Er enthält einen Code, über den die Verwaltung auf die bei der Anzeige gemachten Angaben zugreift.
Er ist bei einer Kontrolle vorzulegen und soll die Prüfung der Einhaltung der Entsenderegeln vereinfachen.
Seine Funktion ist daher, die Konformität auf der Baustelle unmittelbar prüfbar zu machen, was ihn zum ersten bei einer Kontrolle verlangten Element macht.
Ein Arbeitnehmer ohne Ausweis ist ein sofortiges Signal, behandelt im Beitrag über die Kontrollen auf der Baustelle.
Die Pflicht zur Meldung von Änderungen
Eine dauernde, oft vergessene Pflicht.
Jede Änderung ist der Verwaltung über denselben Kanal zu melden, insbesondere der Wechsel der Kontaktperson, des Aufbewahrungsorts der Unterlagen oder der Unterbringung.
Die Anzeige ist daher kein einmaliger Akt, sondern die Eröffnung einer Verfolgung, die so lange dauert wie die Leistung.
Auf einer langen Baustelle ändern sich mehrere dieser Angaben, und jede erfordert eine Aktualisierung.
Was vor der Anzeige vorzubereiten ist
Vier Elemente, im Vorfeld zusammenzutragen. Sie werden für die Anzeige benötigt.
Die vollständige Identifikation jedes entsandten Arbeitnehmers.
Die tatsächliche Benennung der Kontaktperson, die im Hoheitsgebiet präsent sein muss.
Die Adresse der Aufbewahrung der Unterlagen in Luxemburg.
Die Kontaktdaten des unmittelbaren Nachunternehmens, wenn die Leistung Teil einer Kette ist.
Die zweite Bedingung ist praktisch die einschränkendste, da sie eine tatsächliche Präsenz und keine förmliche Benennung voraussetzt.
Was dies für Fachleute bedeutet
Vier Regeln.
Vor Baubeginn anzeigen, da eine nachträgliche Bereinigung nicht besteht.
Die Angaben zu den Arbeitnehmern im Vorfeld zusammentragen, da die Anzeige namentlich ist.
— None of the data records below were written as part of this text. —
text \<open>The two swap conditions are the swap pairs with \<open>j = 0\<close>, ending in
  \<open>b a\<close> and \<open>a x\<close>, and with \<open>j > 0\<close>, ending in \<open>a a\<close> and \<open>b x\<close>.\<close>

lemma injective_coloring_sierp_last_two:
  assumes G: "simple_graph V E" and n: "2 \<le> n"
    and g: "\<And>v. v \<in> V \<Longrightarrow> injective_coloring V E k (g v)"
    and swap_last: "\<And>a b x. E a b \<Longrightarrow> E b x \<Longrightarrow> g b a \<noteq> g a x"
    and swap_long: "\<And>a b x. E a b \<Longrightarrow> E b x \<Longrightarrow> g a a \<noteq> g b x"
  shows "injective_coloring (sierp_verts V n) (sierp_adj E n) k (\<lambda>x. g (last (butlast x)) (last x))"
proof (rule injective_coloring_sierpI)
  show "\<not> E a a" for a
    using simple_graph_irrefl[OF G] .
  show "g (last (butlast x)) (last x) \<in> {1..k}" if "x \<in> sierp_verts V n" for x
  proof -
    have "butlast x \<noteq> []"
      using that n unfolding sierp_verts_def by (cases x rule: rev_cases) auto
    then have "last (butlast x) \<in> set x" "last x \<in> set x"
      by (auto intro: in_set_butlastD last_in_set)
    then have "last (butlast x) \<in> V" "last x \<in> V"
      using that unfolding sierp_verts_def by auto
    then show ?thesis
      using injective_coloring_in_range[OF g] by blast
  qed
  show "g (last (butlast (q @ [a]))) (last (q @ [a])) \<noteq> g (last (butlast (q @ [b]))) (last (q @ [b]))"
    if "q @ [a] \<in> sierp_verts V n" "a \<noteq> b" "E x a" "E x b" for q a b x
  proof -
    have "q \<noteq> []" "set q \<subseteq> V"
      using that(1) n unfolding sierp_verts_def by auto
    then have "last q \<in> V" by auto
    moreover have "a \<in> V" "b \<in> V" "x \<in> V"
      using simple_graph_in_verts[OF G] that(3,4) by blast+
    ultimately show ?thesis
      using that(2-4) injective_coloring_common_neighbour[OF g] by simp
  qed
  show "g (last (butlast (q @ b # replicate (Suc j) a))) (last (q @ b # replicate (Suc j) a))
      \<noteq> g (last (butlast (q @ a # replicate j b @ [x]))) (last (q @ a # replicate j b @ [x]))"
    if "E a b" "E b x" for q a b j x
  proof (cases j)
    case 0
    then show ?thesis using swap_last[OF that] by (simp add: butlast_append)
  next
    case (Suc i)
    then have "q @ b # replicate (Suc j) a = (q @ b # replicate i a) @ [a, a]"
      "q @ a # replicate j b @ [x] = (q @ a # replicate i b) @ [b, x]"
      by (simp_all del: replicate_Suc add: replicate_Suc_snoc)
    then show ?thesis
      using swap_long[OF that] by (simp add: butlast_append)
  qed
qed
Den Ausweis als Baustellendokument behandeln, unmittelbar verfügbar.
Die Anzeige bei jeder Änderung aktualisieren, insbesondere der Kontaktperson.
Dieser Beitrag gibt den Stand der Regelung zum Prüfdatum wieder und dient der fachlichen Orientierung. Er stellt keine Rechtsberatung dar.